Use wildcards unless you're SURE of what will happen.

Jon

A little knowledge is dangerous - none is absolutely terrifying!!!

Richard Darling · ‎05-24-2002

ABCD
"A"lways:
"B"ackup, show "C"ourtesy to all and "D"ocument...
Richard Darling

Fabi · ‎05-24-2002

DO's

1.- Make Manuals and MOP's (Method of Procedure) for all your special procedures
2.- Keep your UNIX and sysAdmin docs near

DON'T 's

1.- Never hide tech information
2.- Keep that ugly word "impossible" away from your dictionary, specially for hackers and crackers, like "its impossible for anyone to break in the system" never think this way

MAD_2 · ‎05-26-2002

DO'S
- Keep registration numbers, system handles, serials, software keys, and other software/hardware documents in a place where you and the systems' manager can find it! You never know when you will need it again.
- Document software configuration parameters
- Train someone to act as a backup who can perform some of the basics when you are not around (vacations, sickness, etc.)
- Be patient!
- Learn to prioritize
- Use labels to identify devices, systems, etc.
- Change root passwords when anyone from your team who has access to it leaves the company
- Assign points to those who are trying to help you in the forums.

DON'T
- Drink anything when you are working next to your server (a $0.50 drink may cost your company thousands, and your job).
- Be afraid to ask, nobody knows everything!
- ASSUME
- Keep all the knowledge to yourself.

Contrary to popular belief, Unix is user friendly. It's just very particular about who it makes friends with

Kurt Beyers. · ‎05-26-2002

DON'T

-do a kernel rebuild via a modem connection to a server
-reset your NIC from a telnet session

Balaji_3 · ‎05-26-2002

It is better to change any entry in /etc/passwd by the command /usr/sbin/vipw.

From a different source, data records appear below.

lemma ipD_residual_self_ge:
  assumes "orthonormal_fam D e" "finite A" "A \<subseteq> {1..}" "sq_int D h"
  shows "ipD D h h - (\<Sum>k\<in>A. (ipD D h (e k))\<^sup>2)
     \<le> ipD D (\<lambda>x. h x - (\<Sum>k\<in>A. c k * e k x)) (\<lambda>x. h x - (\<Sum>k\<in>A. c k * e k x))"
proof -
  have "2 * (\<Sum>k\<in>A. c k * ipD D h (e k)) - (\<Sum>k\<in>A. (c k)\<^sup>2)
      = (\<Sum>k\<in>A. 2 * c k * ipD D h (e k) - (c k)\<^sup>2)"
    by (simp add: sum_subtractf sum_distrib_left mult.assoc)
  also have "\<dots> \<le> (\<Sum>k\<in>A. (ipD D h (e k))\<^sup>2)"
    by (intro sum_mono) (smt (verit) sum_squares_bound)
  finally show ?thesis
    using ipD_residual_self[OF assms, of c] by linarith
qed

lemma bessel_inequality:
  assumes "orthonormal_fam D e" "finite A" "A \<subseteq> {1..}" "sq_int D h"
  shows "(\<Sum>k\<in>A. (ipD D h (e k))\<^sup>2) \<le> ipD D h h"
  using ipD_residual_self[OF assms, of "\<lambda>k. ipD D h (e k)"]
    ipD_self_nonneg[of D "\<lambda>x. h x - (\<Sum>k\<in>A. ipD D h (e k) * e k x)"]
  by (simp add: power2_eq_square)

lemma abs_ipD_basis_le_normD:
  assumes "orthonormal_fam D e" "sq_int D u" "1 \<le> j"
  shows "\<bar>ipD D u (e j)\<bar> \<le> normD D u"
proof -
  have "(ipD D u (e j))\<^sup>2 \<le> ipD D u u"
    using bessel_inequality[OF assms(1), of "{j}" u] assms(2,3) by simp
  then show ?thesis
    unfolding normD_def using real_sqrt_le_mono by fastforce
qed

The word IMPOSSIBLE itself says that I'MPOSSIBLE

Chris Wilshaw · ‎05-27-2002

If possible, don't let your users have access to the command line.

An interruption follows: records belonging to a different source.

(* Let $G$ be a finitely generated nilpotent group with lower central series $G=G_1\ge G_2\ge\cdots\ge G_{k+1}=\{1\}$, and let $\phi\in\operatorname{Aut}(G)$. For each $i$, let $B_i=G_i/G_{i+1}$, let $\theta_i$ be the automorphism of $B_i$ induced by $\phi$, let $\bar\theta_i$ be the automorphism induced by $\theta_i$ on $B_i/\mathrm{Tor}(B_i)\cong\mathbb{Z}^{m_i}$, and let $M_i\in\mathrm{GL}(m_i,\mathbb{Z})$ be the matrix of $\bar\theta_i$ with respect to a fixed basis. If all eigenvalues of $M_1$ have absolute value $1$, then for every $i$ all eigenvalues of $M_i$ have absolute value $1$.
   Context: $G_{i+1}=[G_i,G]$; each $G_i$ is characteristic so $\phi$ restricts to $G_i$ and induces automorphisms of the quotients. $\mathrm{Tor}(B)$ denotes the torsion subgroup of the finitely generated abelian group $B$. *)

theory Defs
  imports "HOL-Algebra.Coset" "HOL-Algebra.Generated_Groups" "Jordan_Normal_Form.Char_Poly"
begin

(* Lower central series, 0-based: lcs G 0 = G (the paper's G_1),
   lcs G (Suc n) = [lcs G n, G]  (so lcs G n is the paper's G_{n+1}). *)
primrec lcs :: "('a, 'b) monoid_scheme \<Rightarrow> nat \<Rightarrow> 'a set" where
  "lcs G 0 = carrier G"
| "lcs G (Suc n) = generate G
     {x \<otimes>\<^bsub>G\<^esub> y \<otimes>\<^bsub>G\<^esub> inv\<^bsub>G\<^esub> x \<otimes>\<^bsub>G\<^esub> inv\<^bsub>G\<^esub> y | x y. x \<in> lcs G n \<and> y \<in> carrier G}"

definition nilpotent_group :: "('a, 'b) monoid_scheme \<Rightarrow> bool" where
  "nilpotent_group G \<longleftrightarrow> group G \<and> (\<exists>k. lcs G k = {\<one>\<^bsub>G\<^esub>})"

definition finitely_generated :: "('a, 'b) monoid_scheme \<Rightarrow> bool" where
  "finitely_generated G \<longleftrightarrow> (\<exists>S. finite S \<and> S \<subseteq> carrier G \<and> generate G S = carrier G)"

definition tor :: "('a, 'b) monoid_scheme \<Rightarrow> 'a set" where
  "tor H = {x \<in> carrier H. \<exists>k::nat. k > 0 \<and> x [^]\<^bsub>H\<^esub> k = \<one>\<^bsub>H\<^esub>}"

definition lcs_factor :: "('a, 'b) monoid_scheme \<Rightarrow> nat \<Rightarrow> 'a set monoid" where
  "lcs_factor G n = subgroup_generated G (lcs G n) Mod lcs G (Suc n)"

definition lcs_free_factor :: "('a, 'b) monoid_scheme \<Rightarrow> nat \<Rightarrow> 'a set set monoid" where
  "lcs_free_factor G n = lcs_factor G n Mod tor (lcs_factor G n)"

definition induced_free_aut :: "('a \<Rightarrow> 'a) \<Rightarrow> 'a set set \<Rightarrow> 'a set set" where
  "induced_free_aut \<phi> D = (\<lambda>C. \<phi> ` C) ` D"

definition zcomb :: "('c, 'd) monoid_scheme \<Rightarrow> (nat \<Rightarrow> 'c) \<Rightarrow> (nat \<Rightarrow> int) \<Rightarrow> nat \<Rightarrow> 'c" where
  "zcomb F b a m = foldr (\<lambda>j acc. (b j [^]\<^bsub>F\<^esub> a j) \<otimes>\<^bsub>F\<^esub> acc) [0..<m] \<one>\<^bsub>F\<^esub>"

definition is_zbasis :: "('c, 'd) monoid_scheme \<Rightarrow> nat \<Rightarrow> (nat \<Rightarrow> 'c) \<Rightarrow> bool" where
  "is_zbasis F m b \<longleftrightarrow> (\<forall>j<m. b j \<in> carrier F) \<and>
     (\<forall>x \<in> carrier F. \<exists>!a. (\<forall>j\<ge>m. a j = 0) \<and> x = zcomb F b a m)"

definition zcoords :: "('c, 'd) monoid_scheme \<Rightarrow> nat \<Rightarrow> (nat \<Rightarrow> 'c) \<Rightarrow> 'c \<Rightarrow> nat \<Rightarrow> int" where
  "zcoords F m b x = (THE a. (\<forall>j\<ge>m. a j = 0) \<and> x = zcomb F b a m)"

(* matrix of an endomorphism f of F w.r.t. the basis b (column j = coordinates of f(b_j)) *)
definition basis_matrix :: "('c, 'd) monoid_scheme \<Rightarrow> nat \<Rightarrow> (nat \<Rightarrow> 'c) \<Rightarrow> ('c \<Rightarrow> 'c) \<Rightarrow> int mat" where
  "basis_matrix F m b f = mat m m (\<lambda>(k, j). zcoords F m b (f (b j)) k)"

definition lcs_matrix :: "('a, 'b) monoid_scheme \<Rightarrow> ('a \<Rightarrow> 'a) \<Rightarrow> nat \<Rightarrow> nat \<Rightarrow> (nat \<Rightarrow> 'a set set) \<Rightarrow> int mat" where
  "lcs_matrix G \<phi> n m b = basis_matrix (lcs_free_factor G n) m b (induced_free_aut \<phi>)"

end

(* Polynomial growth of orbits is what passes between the layers of the lower central series.
   For an integer matrix M the entries of M^k are bounded by a polynomial in k iff every
   eigenvalue of M has modulus at most 1 (Jordan normal form in one direction, an eigenvector
   in the other).  On a free abelian group with a basis this says that the orbit of every element
   under theta stays among the integer combinations of a fixed finite set with coefficients of
   polynomial size.  Commutation induces an equivariant bilinear map
   B_i/Tor x B_1/Tor -> B_(i+1)/Tor whose image generates, and a bilinear map multiplies such
   polynomial bounds, so polynomial orbits spread from the first layer to all layers: every
   eigenvalue of every M_i has modulus at most 1.  The same argument for the inverse of phi,
   whose matrices are the inverses of the M_i, gives modulus at least 1. *)

theory Submission
  imports Defs "Jordan_Normal_Form.Spectral_Radius" "HOL-Real_Asymp.Real_Asymp"
begin

section \<open>Commutators and the lower central series\<close>

definition commutator :: "('a, 'b) monoid_scheme \<Rightarrow> 'a \<Rightarrow> 'a \<Rightarrow> 'a" where
  "commutator G x y = x \<otimes>\<^bsub>G\<^esub> y \<otimes>\<^bsub>G\<^esub> inv\<^bsub>G\<^esub> x \<otimes>\<^bsub>G\<^esub> inv\<^bsub>G\<^esub> y"

lemma lcs_Suc_commutators:
  "lcs G (Suc n) = generate G {commutator G x y | x y. x \<in> lcs G n \<and> y \<in> carrier G}"
  by (simp add: commutator_def)

declare lcs.simps(2) [simp del]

They may not like being given a menu to start with, but as long as you can make it flexible enough to meet their needs, they can grow to love it.

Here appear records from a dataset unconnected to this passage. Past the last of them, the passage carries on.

lemma (in pair_sigma_finite) integral_product_mult:
  fixes f :: "'a \<Rightarrow> real" and g :: "'b \<Rightarrow> real"
  assumes "integrable M1 f" "integrable M2 g"
  shows "integral\<^sup>L (M1 \<Otimes>\<^sub>M M2) (\<lambda>(x, y). f x * g y) = integral\<^sup>L M1 f * integral\<^sup>L M2 g"
  using integral_fst[OF integrable_product_mult[OF assms]] by simp

lemma
  fixes N :: "'a measure" and P :: "'b measure" and Q :: "'c measure"
    and f :: "'a \<Rightarrow> real" and g :: "'b \<Rightarrow> real" and h :: "'c \<Rightarrow> real"
  assumes "prob_space N" "prob_space P" "prob_space Q"
    and "integrable N f" "integrable P g" "integrable Q h"
  shows integrable_triple_product_mult:
      "integrable ((N \<Otimes>\<^sub>M P) \<Otimes>\<^sub>M Q) (\<lambda>((x, y), z). f x * g y * h z)"
    and integral_triple_product_mult:
      "integral\<^sup>L ((N \<Otimes>\<^sub>M P) \<Otimes>\<^sub>M Q) (\<lambda>((x, y), z). f x * g y * h z) =
         integral\<^sup>L N f * integral\<^sup>L P g * integral\<^sup>L Q h"
proof -
  interpret NP: pair_sigma_finite N P
    using assms(1,2) by (intro pair_sigma_finite.intro prob_space_imp_sigma_finite)
  interpret NPQ: pair_sigma_finite "N \<Otimes>\<^sub>M P" Q
    using assms(1-3) by (intro pair_sigma_finite.intro prob_space_imp_sigma_finite prob_space_pair)
  have split: "(\<lambda>((x, y), z). f x * g y * h z) = (\<lambda>(xy, z). (case xy of (x, y) \<Rightarrow> f x * g y) * h z)"
    by auto
  show "integrable ((N \<Otimes>\<^sub>M P) \<Otimes>\<^sub>M Q) (\<lambda>((x, y), z). f x * g y * h z)"
    unfolding split by (rule NPQ.integrable_product_mult[OF NP.integrable_product_mult[OF assms(4,5)] assms(6)])
  show "integral\<^sup>L ((N \<Otimes>\<^sub>M P) \<Otimes>\<^sub>M Q) (\<lambda>((x, y), z). f x * g y * h z) =
      integral\<^sup>L N f * integral\<^sup>L P g * integral\<^sup>L Q h"
    unfolding split NPQ.integral_product_mult[OF NP.integrable_product_mult[OF assms(4,5)] assms(6)]
      NP.integral_product_mult[OF assms(4,5)] ..
qed

lemma var_mult_const: "var M (\<lambda>x. c * X x) = c\<^sup>2 * var M X"
  by (simp add: var_def power_mult_distrib right_diff_distrib[symmetric])

lemma var_sum_products_uncorrelated:
  fixes N :: "'a measure" and P :: "'b measure" and Q :: "'c measure"
  assumes "prob_space N" "prob_space P" "prob_space Q" "finite U"
    and Z: "uncorrelated_family N U Z mZ sZ"
    and A: "uncorrelated_family P U A mA sA"
    and B: "uncorrelated_family Q U B mB sB"
  shows "var ((N \<Otimes>\<^sub>M P) \<Otimes>\<^sub>M Q) (\<lambda>((x, y), z). \<Sum>v\<in>U. Z v x * A v y * B v z) =
    (\<Sum>v\<in>U. ((mZ v)\<^sup>2 + sZ v) * ((mA v)\<^sup>2 + sA v) * ((mB v)\<^sup>2 + sB v) - (mZ v * mA v * mB v)\<^sup>2)"
    (is "var ?M ?X = _")
proof -
  interpret M: prob_space ?M
    using assms(1-3) by (intro prob_space_pair)
  note triple = integrable_triple_product_mult[OF assms(1-3)] integral_triple_product_mult[OF assms(1-3)]
  have X_sq: "(?X \<omega>)\<^sup>2 = (\<Sum>v\<in>U. \<Sum>w\<in>U. (\<lambda>((x, y), z).
      (Z v x * Z w x) * (A v y * A w y) * (B v z * B w z)) \<omega>)" for \<omega>
    by (simp add: power2_eq_square sum_product case_prod_unfold algebra_simps)
  have X_sum: "?X \<omega> = (\<Sum>v\<in>U. (\<lambda>((x, y), z). Z v x * A v y * B v z) \<omega>)" for \<omega>
    by (simp add: case_prod_unfold)
  note Z' = uncorrelated_familyD[OF Z] and A' = uncorrelated_familyD[OF A]
    and B' = uncorrelated_familyD[OF B]
  have X_integrable: "integrable ?M ?X"
    unfolding X_sum using Z' A' B' by (intro Bochner_Integration.integrable_sum triple(1)) auto
  have X_sq_integrable: "integrable ?M (\<lambda>\<omega>. (?X \<omega>)\<^sup>2)"
    unfolding X_sq using Z' A' B' by (intro Bochner_Integration.integrable_sum triple(1)) auto
  have X_expectation: "integral\<^sup>L ?M ?X = (\<Sum>v\<in>U. mZ v * mA v * mB v)"
    unfolding X_sum using Z' A' B' by (simp add: Bochner_Integration.integral_sum triple)
  have X_sq_expectation: "integral\<^sup>L ?M (\<lambda>\<omega>. (?X \<omega>)\<^sup>2) = (\<Sum>v\<in>U. \<Sum>w\<in>U.
      (mZ v * mZ w + (if v = w then sZ v else 0)) * (mA v * mA w + (if v = w then sA v else 0)) *
      (mB v * mB w + (if v = w then sB v else 0)))"
    unfolding X_sq using Z' A' B'
    by (simp add: Bochner_Integration.integral_sum Bochner_Integration.integrable_sum triple)
  have moment_product: "(mZ v * mZ w + (if v = w then sZ v else 0))
      * (mA v * mA w + (if v = w then sA v else 0)) * (mB v * mB w + (if v = w then sB v else 0))
    = (mZ v * mA v * mB v) * (mZ w * mA w * mB w) + (if v = w then ((mZ v)\<^sup>2 + sZ v)
      * ((mA v)\<^sup>2 + sA v) * ((mB v)\<^sup>2 + sB v) - (mZ v * mA v * mB v)\<^sup>2 else 0)"
    for v w by (cases "v = w") (simp_all add: power2_eq_square algebra_simps)
  have "var ?M ?X = integral\<^sup>L ?M (\<lambda>\<omega>. (?X \<omega>)\<^sup>2) - (integral\<^sup>L ?M ?X)\<^sup>2"
    unfolding var_def using X_integrable X_sq_integrable by (rule M.variance_eq)
  then show ?thesis
    unfolding X_sq_expectation X_expectation moment_product
    using assms(4) by (simp add: sum.distrib power2_eq_square sum_product)
qed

James Brelsford · ‎05-27-2002

Working in my company's training centre where everyone including the cleaners seems to have the root password, here is my list.

DO
make backups the second the new software is installed,

if you get a chance make your own copies as well as system backups,

ALWAYS keep the last working software close at hand in case you have to fall back, software installation should not be a one way street,

get good at ignite, you will be doing it alot,

if you can automate something do it, 'cause if you have to do it once you'll have to do it lots.

check the forums OFTEN,

ask dumb questions, you GOTTA learn sometime better to ask a dumb question here than say I didn't know to the users and your boss,

have good humour, you'll need it!!!!!

DON'Ts

be a jerk,

you are not Borg (TM), write things down if not for yourself for the guy who follows you after you are fired.

let them get you down,

Donald Kok · ‎05-27-2002

DO make sure you know what a system is about when it is not working properly. I do this by mailing settings and configfiles to another machine from cron:

ioscan -fn >> /tmp/listfile
vgdisplay -v >> /tmp/listfile
lvlnboot -v >> /tmp/listfile
sysdef >> /tmp/listfile
lanscan >> /tmp/listfile
ifconfig lan0 >> /tmp/listfile
hostname >> /tmp/listfile
setboot >> /tmp/listfile
lsdev >> /tmp/listfile
lpstat -a -s >> /tmp/listfile
bdf >> /tmp/listfile
cat /etc/fstab >> /tmp/listfile
cat /etc/hosts >> /tmp/listfile
cat /etc/nsswitch.conf >> /tmp/listfile
cat /etc/rc.config.d/* >> /tmp/listfile
cat /etc/resolv.conf >> /tmp/listfile
cat /etc/inittab >> /tmp/listfile
cat /etc/inetd.conf >> /tmp/listfile
strings /etc/lvmtab >> /tmp/listfile
cat /stand/system >> /tmp/listfile
cat /var/adm/sbtab >> /tmp/listfile
lvdisplay /dev/vg*/lvol* >> /tmp/listfile
mailx -s settings donald@another_machine < /tmp/listfile

My systems are 100% Murphy Compliant. Guaranteed!!!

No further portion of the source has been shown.